• Niños sirios desplazados se protegen del frío dentro de una tienda de campaña en el campo de desplazados internos de Al-Hol, 8 de diciembre de 2018. (Foto: AFP)
Publicada: jueves, 26 de noviembre de 2020 3:19

La Organización de las Naciones Unidas (ONU) alerta del duro clima invernal que le espera a Siria y pide asistencia “urgente”.

El subsecretario general de Asuntos Humanitarios y Coordinador Adjunto del Socorro de Emergencia de la ONU, Ramesh Rajasingham, avisó el miércoles que más de tres millones de personas en Siria necesitan asistencia urgente ante lo que probablemente sea un invierno (boreal) increíblemente duro, subrayando que los desplazados serán particularmente vulnerables en esta situación.

El clima invernal está demostrando ser increíblemente duro para aquellos que no tienen un refugio adecuado o básicos como combustible para caldear, mantas, ropa cálida y zapatos”, indicó Rajasingham ante el Consejo de Seguridad de Naciones Unidas (CSNU).

Unos 6,7 millones de personas en Siria son desplazados internos, de los que un tercio carece de un refugio adecuado y vive en edificios dañados o espacios públicos.

 

Rajasingham también aludió a la crisis económica en la que está inmersa Siria, destacando que, debido a la devaluación de la moneda siria y al creciente precio de los alimentos, las personas son “cada vez más incapaces de alimentar a sus familias”.

Actualmente, unos 9,3 millones de personas en Siria viven en inseguridad alimentaria, 1,4 millones más que el año pasado y más que en cualquier otro momento de la crisis. Cerca de un millón de ellos están en inseguridad alimentaria severa, dos veces más que los que lo estaban el año pasado”, aseveró el funcionario de la ONU.

Además, insistió en que los servicios sanitarios sirios son “extremadamente débiles” en todo el país y padecen un sufrimiento adicional debido a la pandemia del nuevo coronavirus, causante de la COVID-19, que ha dejado en Siria un saldo de más de 7000 personas contagiadas, entre las que cerca de 400 han muerto.

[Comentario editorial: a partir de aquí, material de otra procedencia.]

lemma emeasure_punctured_unit_ball_pos:
  assumes n: "1 \<le> n"
  shows "emeasure (lborelN n) (punctured_unit_ball n) \<noteq> 0"
proof -
  interpret product_sigma_finite "\<lambda>_. lborel" by standard
  define a where "a = 1 / (2 * real n)"
  define b where "b = 1 / real n"
  have ab: "0 < a" "a < b" "b \<le> 1" using n by (auto simp: a_def b_def field_simps)
  have box: "PiE {..<n} (\<lambda>_. {a..b}) \<subseteq> punctured_unit_ball n"
  proof
    fix x assume x: "x \<in> PiE {..<n} (\<lambda>_. {a..b})"
    have xi: "a \<le> x i" "x i \<le> b" if "i < n" for i using x that by (auto simp: PiE_iff)
    have "vinner n x x \<le> (\<Sum>i<n. b * b)"
      unfolding vinner_def using xi ab by (intro sum_mono mult_mono) (auto dest: xi)
    also have "\<dots> = 1 / real n" using n by (simp add: b_def field_simps)
    also have "\<dots> \<le> 1" using n by simp
    finally have le1: "vinner n x x \<le> 1" .
    have "0 < x 0 * x 0" using xi[of 0] ab n by auto
    also have "x 0 * x 0 \<le> vinner n x x"
      unfolding vinner_def using n by (intro member_le_sum) auto
    finally show "x \<in> punctured_unit_ball n"
      using x le1 by (auto simp: vnorm_def space_PiM PiE_iff)
  qed
  have "0 < emeasure (lborelN n) (PiE {..<n} (\<lambda>_. {a..b}))"
    by (subst emeasure_PiM) (use ab in \<open>auto simp: ennreal_power\<close>)
  also have "\<dots> \<le> emeasure (lborelN n) (punctured_unit_ball n)"
    using box by (intro emeasure_mono punctured_unit_ball_sets)
  finally show ?thesis by simp
qed

lemma space_sphere_uniform [simp]: "space (sphere_uniform n) = space (lborelN n)"
  by (simp add: sphere_uniform_def)

lemma sets_sphere_uniform: "sets (sphere_uniform n) = sets (lborelN n)"
  by (simp add: sphere_uniform_def)

lemma measurable_radial_projection_uniform:
  "radial_projection n \<in> uniform_measure (lborelN n) (punctured_unit_ball n) \<rightarrow>\<^sub>M lborelN n"
  by (subst measurable_cong_sets[OF sets_uniform_measure refl]) (rule measurable_radial_projection)

lemma prob_space_sphere_uniform: "1 \<le> n \<Longrightarrow> prob_space (sphere_uniform n)"
  unfolding sphere_uniform_def
  by (intro prob_space.prob_space_distr prob_space_uniform_measure
      emeasure_punctured_unit_ball_finite emeasure_punctured_unit_ball_pos
      measurable_radial_projection_uniform)

lemma AE_sphere_uniform_vinner_nonzero:
  assumes "k < n" and "v k \<noteq> 0"
  shows "AE u in sphere_uniform n. vinner n u v \<noteq> 0"
proof -
  have "AE x in lborelN n. vinner n x v \<noteq> 0"
    by (rule AE_I'[OF hyperplane_null_sets[of k n v, OF assms]]) auto
  then have "AE x in lborelN n. x \<in> punctured_unit_ball n \<longrightarrow> vinner n (radial_projection n x) v \<noteq> 0"
    by eventually_elim (simp add: vinner_radial_projection)
  then have "AE x in uniform_measure (lborelN n) (punctured_unit_ball n).
      vinner n (radial_projection n x) v \<noteq> 0"
    by (rule AE_uniform_measureI[OF punctured_unit_ball_sets])
  moreover have "{u \<in> space (lborelN n). vinner n u v \<noteq> 0} \<in> sets (lborelN n)"
    by measurable
  ultimately show ?thesis
    unfolding sphere_uniform_def by (simp add: AE_distr_iff[OF measurable_radial_projection_uniform])
qed

section \<open>Cuts and stability\<close>

definition crosses :: "nat set \<Rightarrow> nat \<Rightarrow> nat \<Rightarrow> real" where
  "crosses A i j = (if (i \<in> A) = (j \<in> A) then 0 else 1)"

lemma crosses_commute: "crosses A i j = crosses A j i"
  by (auto simp: crosses_def)

lemma cut_value_eq_crossing_sum:
  assumes sym: "\<And>i j. i < n \<Longrightarrow> j < n \<Longrightarrow> w i j = w j i" and A: "A \<subseteq> {..<n}"
  shows "2 * cut_value n w A = (\<Sum>i<n. \<Sum>j<n. w i j * crosses A i j)"
proof -
  define out where "out i j = (if i \<in> A \<and> j \<notin> A then w i j else 0)" for i j
  have "A = {..<n} \<inter> A" "{..<n} - A = {..<n} \<inter> -A" using A by auto
  then have "cut_value n w A = (\<Sum>i\<in>{..<n} \<inter> A. \<Sum>j\<in>{..<n} \<inter> -A. w i j)"
    unfolding cut_value_def by simp
  also have "\<dots> = (\<Sum>i<n. if i \<in> A then \<Sum>j<n. if j \<in> -A then w i j else 0 else 0)"
    by (simp only: sum.inter_restrict finite_lessThan)
  also have "\<dots> = (\<Sum>i<n. \<Sum>j<n. out i j)"
    unfolding out_def by (intro sum.cong refl) auto
  finally have cut: "cut_value n w A = (\<Sum>i<n. \<Sum>j<n. out i j)" .
  have "(\<Sum>i<n. \<Sum>j<n. w i j * crosses A i j) = (\<Sum>i<n. \<Sum>j<n. out i j + out j i)"
    by (intro sum.cong refl) (auto simp: out_def crosses_def sym)
  also have "\<dots> = (\<Sum>i<n. \<Sum>j<n. out i j) + (\<Sum>i<n. \<Sum>j<n. out j i)"
    by (simp add: sum.distrib)
  also have "(\<Sum>i<n. \<Sum>j<n. out j i) = (\<Sum>i<n. \<Sum>j<n. out i j)"
    by (rule sum.swap)
  finally show ?thesis using cut by simp
qed

lemma cut_value_eq_if_crosses_eq:
  assumes sym: "\<And>i j. i < n \<Longrightarrow> j < n \<Longrightarrow> w i j = w j i"
    and A: "A \<subseteq> {..<n}" and B: "B \<subseteq> {..<n}"
    and crosses_eq: "\<And>i j. i < n \<Longrightarrow> j < n \<Longrightarrow> w i j \<noteq> 0 \<Longrightarrow> crosses A i j = crosses B i j"
  shows "cut_value n w A = cut_value n w B"
proof -
  have "(\<Sum>i<n. \<Sum>j<n. w i j * crosses A i j) = (\<Sum>i<n. \<Sum>j<n. w i j * crosses B i j)"
    by (intro sum.cong refl) (use crosses_eq in fastforce)
  then show ?thesis
    using cut_value_eq_crossing_sum[of n w A, OF sym A]
      cut_value_eq_crossing_sum[of n w B, OF sym B] by simp
qed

Por su parte, la enviada especial de la ONU para Siria, Khawla Matar, señaló la misma jornada que el Comité Constitucional del país, que busca allanar el camino para lograr la paz, está llevando a cabo “progresos moderados”.

Asimismo, Matar sostuvo que las sanciones contra Siria exacerbarían la miseria en la que ya viven muchos niños sirios y enfatizó que, “independientemente de sus elecciones”, los refugiados han de ser apoyados.

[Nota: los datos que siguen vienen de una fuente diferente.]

(* Tucker's pivot: with N = padded_mat n c A and V = padded_mat n c ({0..<n} - A), the matrix
   N\<inverse> V is symmetric, and N\<inverse> padded_mat n c (Y \<Delta> A) = padded_mat n (N\<inverse> V) Y column by column. *)
lemma symmetric_pivot_nat:
  fixes c :: "nat \<Rightarrow> nat \<Rightarrow> bit"
  assumes sym: "\<And>i j. c i j = c j i" and A: "A \<subseteq> {0..<n}" and det: "det_sub c A \<noteq> 0"
  obtains c' where "\<And>i j. c' i j = c' j i"
    and "\<And>Y. Y \<subseteq> {0..<n} \<Longrightarrow> det_sub c' Y \<noteq> 0 \<longleftrightarrow> det_sub c (symdiff Y A) \<noteq> 0"
proof -
  define N where "N = padded_mat n c A"
  define V where "V = padded_mat n c ({0..<n} - A)"
  have N: "N \<in> carrier_mat n n" and V: "V \<in> carrier_mat n n" unfolding N_def V_def by auto
  have "det N \<noteq> 0" unfolding N_def using det_padded_mat[OF A] det by simp
  from det_non_zero_imp_unit[OF N this, of "()"]
  obtain N' where N': "N' \<in> carrier_mat n n" and inv: "N' * N = 1\<^sub>m n"
    unfolding Units_def ring_mat_def by auto
  have det_N': "det N' \<noteq> 0" using det_mult[OF N' N] inv by auto
  define M where "M = N' * V"
  have M: "M \<in> carrier_mat n n" unfolding M_def using N' V by simp
  have "transpose_mat M = M"
    unfolding M_def using transpose_left_inverse_mult_symmetric[OF N N' V inv]
      padded_mat_mult_transpose_symmetric[OF sym] by (simp add: N_def V_def)
  hence M_sym: "M $$ (i,j) = M $$ (j,i)" if "i < n" "j < n" for i j
    using that M by (metis carrier_matD index_transpose_mat(1))
  define c' where "c' = (\<lambda>i j. if i < n \<and> j < n then M $$ (i,j) else 0)"
  have "det_sub c' Y \<noteq> 0 \<longleftrightarrow> det_sub c (symdiff Y A) \<noteq> 0" if Y: "Y \<subseteq> {0..<n}" for Y
  proof -
    have YA: "symdiff Y A \<subseteq> {0..<n}" using Y A by (auto simp: symdiff_def)
    have "padded_mat n c' Y = N' * padded_mat n c (symdiff Y A)"
      using inv Y by (intro left_inverse_mult_padded_mat_symdiff[OF N', symmetric])
        (auto simp: N_def V_def M_def c'_def)
    hence "det_sub c' Y = det N' * det_sub c (symdiff Y A)"
      by (simp add: det_padded_mat[OF Y, symmetric] det_mult[OF N'] det_padded_mat[OF YA])
    thus ?thesis using det_N' by simp
  qed
  moreover have "c' i j = c' j i" for i j using M_sym by (simp add: c'_def)
  ultimately show ?thesis using that by blast
qed

definition mat_supported_on :: "'a set \<Rightarrow> ('a \<Rightarrow> 'a \<Rightarrow> bit) \<Rightarrow> bool" where
  "mat_supported_on E C \<longleftrightarrow> (\<forall>u v. C u v \<noteq> 0 \<longrightarrow> u \<in> E \<and> v \<in> E)"

lemma symmetric_pivot:
  fixes C :: "'a \<Rightarrow> 'a \<Rightarrow> bit"
  assumes fin: "finite E" and sym: "symmetric_mat C" and A: "A \<subseteq> E" and det: "det_sub C A \<noteq> 0"
  obtains C' where "symmetric_mat C'" "mat_supported_on E C'"
    and "\<And>Y. Y \<subseteq> E \<Longrightarrow> det_sub C' Y \<noteq> 0 \<longleftrightarrow> det_sub C (symdiff Y A) \<noteq> 0"
proof -
  obtain e where e: "bij_betw e {0..<card E} E" using ex_bij_betw_nat_finite[OF fin] by blast
  define n where "n = card E"
  have e: "bij_betw e {0..<n} E" using e n_def by simp
  define pre where "pre = (\<lambda>B. {i \<in> {0..<n}. e i \<in> B})"
  have pre_bij: "bij_betw e (pre B) B" if "B \<subseteq> E" for B
  proof -
    have "bij_betw e (pre B) (e ` pre B)"
      by (rule bij_betw_subset[OF e]) (auto simp: pre_def)
    moreover have "e ` pre B = B" using that e unfolding pre_def bij_betw_def by force
    ultimately show ?thesis by simp
  qed
  define c where "c = (\<lambda>i j. C (e i) (e j))"
  have det_pre: "det_sub C B = det_sub c (pre B)" if "B \<subseteq> E" for B
    unfolding c_def by (rule det_sub_reindex[OF pre_bij[OF that]])
  have sym_c: "\<And>i j. c i j = c j i" using sym unfolding c_def symmetric_mat_def by simp
  obtain c' where sym_c': "\<And>i j. c' i j = c' j i"
    and piv: "\<And>Y. Y \<subseteq> {0..<n} \<Longrightarrow> det_sub c' Y \<noteq> 0 \<longleftrightarrow> det_sub c (symdiff Y (pre A)) \<noteq> 0"
    by (rule symmetric_pivot_nat[of c "pre A" n, OF sym_c])
      (use det det_pre[OF A] in \<open>auto simp: pre_def\<close>)
  define C' where "C' = (\<lambda>u v. if u \<in> E \<and> v \<in> E then c' (inv_into {0..<n} e u) (inv_into {0..<n} e v) else 0)"
  have "det_sub C' Y \<noteq> 0 \<longleftrightarrow> det_sub C (symdiff Y A) \<noteq> 0" if Y: "Y \<subseteq> E" for Y
  proof -
    have "det_sub C' Y = det_sub (\<lambda>i j. C' (e i) (e j)) (pre Y)"
      by (rule det_sub_reindex[OF pre_bij[OF Y]])
    also have "\<dots> = det_sub c' (pre Y)"
      using e by (intro det_sub_cong) (auto simp: C'_def pre_def bij_betw_def inv_into_f_f)
    finally have "det_sub C' Y = det_sub c' (pre Y)" .
    moreover have "symdiff (pre Y) (pre A) = pre (symdiff Y A)" unfolding pre_def symdiff_def by auto
    moreover have "det_sub C (symdiff Y A) = det_sub c (pre (symdiff Y A))"
      using Y A by (intro det_pre) (auto simp: symdiff_def)
    moreover have "pre Y \<subseteq> {0..<n}" by (auto simp: pre_def)
    ultimately show ?thesis using piv by simp
  qed
  moreover have "symmetric_mat C'" unfolding symmetric_mat_def C'_def using sym_c' by auto
  moreover have "mat_supported_on E C'" unfolding mat_supported_on_def C'_def by auto
  ultimately show ?thesis using that by blast
qed

section \<open>The matrix of a normal binary delta-matroid\<close>

lemma symdiff_symdiff [simp]: "symdiff A (symdiff A X) = X"
  unfolding symdiff_def by auto

lemma twist_twist [simp]: "twist (twist F A) A = F"
  unfolding twist_def by (simp add: image_image)

lemma dm_of_mat_pivot:
  assumes fin: "finite E" and sym: "symmetric_mat C" and A: "A \<in> dm_of_mat E C"
  obtains C' where "symmetric_mat C'" "mat_supported_on E C'"
    and "dm_of_mat E C' = twist (dm_of_mat E C) A"
proof -
  have AE: "A \<subseteq> E" and det: "det_sub C A \<noteq> 0" using A unfolding dm_of_mat_def by auto
  obtain C' where C': "symmetric_mat C'" "mat_supported_on E C'"
    and piv: "\<And>Y. Y \<subseteq> E \<Longrightarrow> det_sub C' Y \<noteq> 0 \<longleftrightarrow> det_sub C (symdiff Y A) \<noteq> 0"
    using symmetric_pivot[OF fin sym AE det] by blast
  have "Y \<in> dm_of_mat E C' \<longleftrightarrow> Y \<in> twist (dm_of_mat E C) A" for Y
  proof -
    have "Y \<in> twist (dm_of_mat E C) A \<longleftrightarrow> symdiff A Y \<in> dm_of_mat E C"
      unfolding twist_def by (metis image_eqI imageE symdiff_symdiff)
    also have "\<dots> \<longleftrightarrow> Y \<subseteq> E \<and> det_sub C (symdiff Y A) \<noteq> 0"
      using AE unfolding dm_of_mat_def symdiff_def by (auto simp: Un_commute)
    finally show ?thesis unfolding dm_of_mat_def using piv by auto
  qed
  thus ?thesis using that C' by blast
qed

lemma dm_of_mat_reindex:
  assumes f: "bij_betw f E E'" and T: "\<And>X. X \<in> T \<Longrightarrow> X \<subseteq> E"
    and img: "(\<lambda>X. f ` X) ` T = dm_of_mat E' C"
  shows "T = dm_of_mat E (\<lambda>u v. C (f u) (f v))"
proof -
  have inj: "inj_on f E" using f by (rule bij_betw_imp_inj_on)
  have det: "det_sub C (f ` X) = det_sub (\<lambda>u v. C (f u) (f v)) X" if "X \<subseteq> E" for X
    by (rule det_sub_reindex) (use inj that in \<open>auto simp: bij_betw_def intro: inj_on_subset\<close>)
  have mem: "X \<in> T \<longleftrightarrow> f ` X \<in> dm_of_mat E' C" if X: "X \<subseteq> E" for X
  proof
    assume "f ` X \<in> dm_of_mat E' C"
    then obtain Z where Z: "Z \<in> T" "f ` Z = f ` X" using img by (metis imageE)
    hence "Z = X" using inj_on_image_eq_iff[OF inj T[OF Z(1)] X] by simp
    thus "X \<in> T" using Z by simp
  qed (use img in blast)
  have img_sub: "f ` X \<subseteq> E'" if "X \<subseteq> E" for X using that f by (auto simp: bij_betw_def)
  have "X \<in> T \<longleftrightarrow> X \<in> dm_of_mat E (\<lambda>u v. C (f u) (f v))" for X
  proof (cases "X \<subseteq> E")
    case True
    thus ?thesis using mem[OF True] img_sub[OF True] det[OF True] unfolding dm_of_mat_def by simp
  qed (use T in \<open>auto simp: dm_of_mat_def\<close>)
  thus ?thesis by blast
qed

lemma normal_binary_eq_dm_of_mat:
  assumes dm: "delta_matroid E F" and "normal F" and "binary E F"
  obtains C where "symmetric_mat C" "mat_supported_on E C" "F = dm_of_mat E C"
proof -
  have fin: "finite E" and sub: "\<And>X. X \<in> F \<Longrightarrow> X \<subseteq> E"
    using dm unfolding delta_matroid_def by auto
  obtain A0 and f :: "'a \<Rightarrow> 'a" and E' C where A0: "A0 \<subseteq> E" and f: "bij_betw f E E'"
    and sym: "symmetric_mat C" and img: "(\<lambda>X. f ` X) ` twist F A0 = dm_of_mat E' C"
    using \<open>binary E F\<close> unfolding binary_def by (elim exE conjE) metis
  define C0 where "C0 = (\<lambda>u v. C (f u) (f v))"
  have sym0: "symmetric_mat C0" using sym unfolding C0_def symmetric_mat_def by simp
  have T: "twist F A0 = dm_of_mat E C0"
    unfolding C0_def using A0 sub
    by (intro dm_of_mat_reindex[OF f _ img]) (auto simp: twist_def symdiff_def)
  have "symdiff A0 {} = A0" by (simp add: symdiff_def)
  hence "A0 \<in> twist F A0" using \<open>normal F\<close> unfolding normal_def twist_def by (metis image_eqI)
  hence "A0 \<in> dm_of_mat E C0" unfolding T .
  from dm_of_mat_pivot[OF fin sym0 this] obtain C' where
    "symmetric_mat C'" "mat_supported_on E C'" "dm_of_mat E C' = twist (twist F A0) A0"
    unfolding T .
  thus ?thesis using that by simp
qed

Siria ha enfrentado varias rondas de sanciones impuestas por EE.UU. y otros países del Occidente. El propio Washington ha confesado que quiere el colapso de Damasco y, para ello, se vale de medidas ilegales que violan los derechos humanos y las leyes internacionales.

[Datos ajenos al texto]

lemma binary_form_square_coeff_recurrence:
  "int (n+2)^2 * binary_form c d (n+2) (square_coeff (n+2))
    = int (2*n+3)^2 * (d + 4*c) * binary_form c d (n+1) (square_coeff (n+1))
      - 2 * int (2*n+3) * (d + 4*c) * (d * binary_form c d n (product_coeff (n+1)))
      + int (n+1)^2 * d^2 * binary_form c d n (square_coeff n)"
proof -
  let ?F = "binary_form c d"
  let ?A = "square_coeff" and ?B = "product_coeff (n+1)"
  have d_A1: "d * ?F (n+1) (?A (n+1)) = ?F (n+2) (?A (n+1))"
    using binary_form_mult_right[of "?A (n+1)" "n+1"] square_coeff_eq_0[of "n+1" "n+2"] by simp
  have c_A1: "c * ?F (n+1) (?A (n+1)) = ?F (n+2) (shift (?A (n+1)))"
    using binary_form_mult_left[of c d "n+1"] by simp
  have d_B0: "d * ?F n ?B = ?F (n+1) ?B"
    using binary_form_mult_right[of ?B n] by (simp add: product_coeff_def)
  have d_B1: "d * ?F (n+1) ?B = ?F (n+2) ?B"
    using binary_form_mult_right[of ?B "n+1"] by (simp add: product_coeff_def)
  have c_B1: "c * ?F (n+1) ?B = ?F (n+2) (shift ?B)"
    using binary_form_mult_left[of c d "n+1"] by simp
  have d_A0: "d * ?F n (?A n) = ?F (n+1) (?A n)"
    using binary_form_mult_right[of "?A n" n] square_coeff_eq_0[of n "n+1"] by simp
  have d_A0_Suc: "d * ?F (n+1) (?A n) = ?F (n+2) (?A n)"
    using binary_form_mult_right[of "?A n" "n+1"] square_coeff_eq_0[of n "n+2"] by simp
  have "int (2*n+3)^2 * (d + 4*c) * ?F (n+1) (?A (n+1))
      - 2 * int (2*n+3) * (d + 4*c) * (d * ?F n ?B) + int (n+1)^2 * d^2 * ?F n (?A n)
    = int (2*n+3)^2 * (d * ?F (n+1) (?A (n+1))) + 4 * int (2*n+3)^2 * (c * ?F (n+1) (?A (n+1)))
      - 2 * int (2*n+3) * (d * (d * ?F n ?B)) - 8 * int (2*n+3) * (c * (d * ?F n ?B))
      + int (n+1)^2 * (d * (d * ?F n (?A n)))"
    by (simp add: power2_eq_square algebra_simps)
  also have "\<dots> = int (2*n+3)^2 * ?F (n+2) (?A (n+1)) + 4 * int (2*n+3)^2 * ?F (n+2) (shift (?A (n+1)))
      - 2 * int (2*n+3) * ?F (n+2) ?B - 8 * int (2*n+3) * ?F (n+2) (shift ?B)
      + int (n+1)^2 * ?F (n+2) (?A n)"
    unfolding d_A1 c_A1 d_B0 d_B1 c_B1 d_A0 d_A0_Suc ..
  also have "\<dots> = ?F (n+2) (\<lambda>j. int (n+2)^2 * ?A (n+2) j)"
    unfolding square_coeff_recurrence[of n]
    by (simp only: binary_form_scale binary_form_add binary_form_diff) (simp add: algebra_simps)
  also have "\<dots> = int (n+2)^2 * ?F (n+2) (?A (n+2))"
    by (simp only: binary_form_scale)
  finally show ?thesis by simp
qed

Al respecto, se han incrementado los daños causados al sistema sanitario de Siria por las sanciones del Occidente, que limitan en gran medida las capacidades del país árabe para implementar medidas preventivas, así como para tratar a los pacientes con la COVID-19.

Tras el brote de la COVID-19, han ido in crescendo los llamados internacionales a poner fin al unilateralismo y la política de sanciones, que son los métodos favoritos del Gobierno estadounidense para imponer sus planes imperialistas a nivel mundial.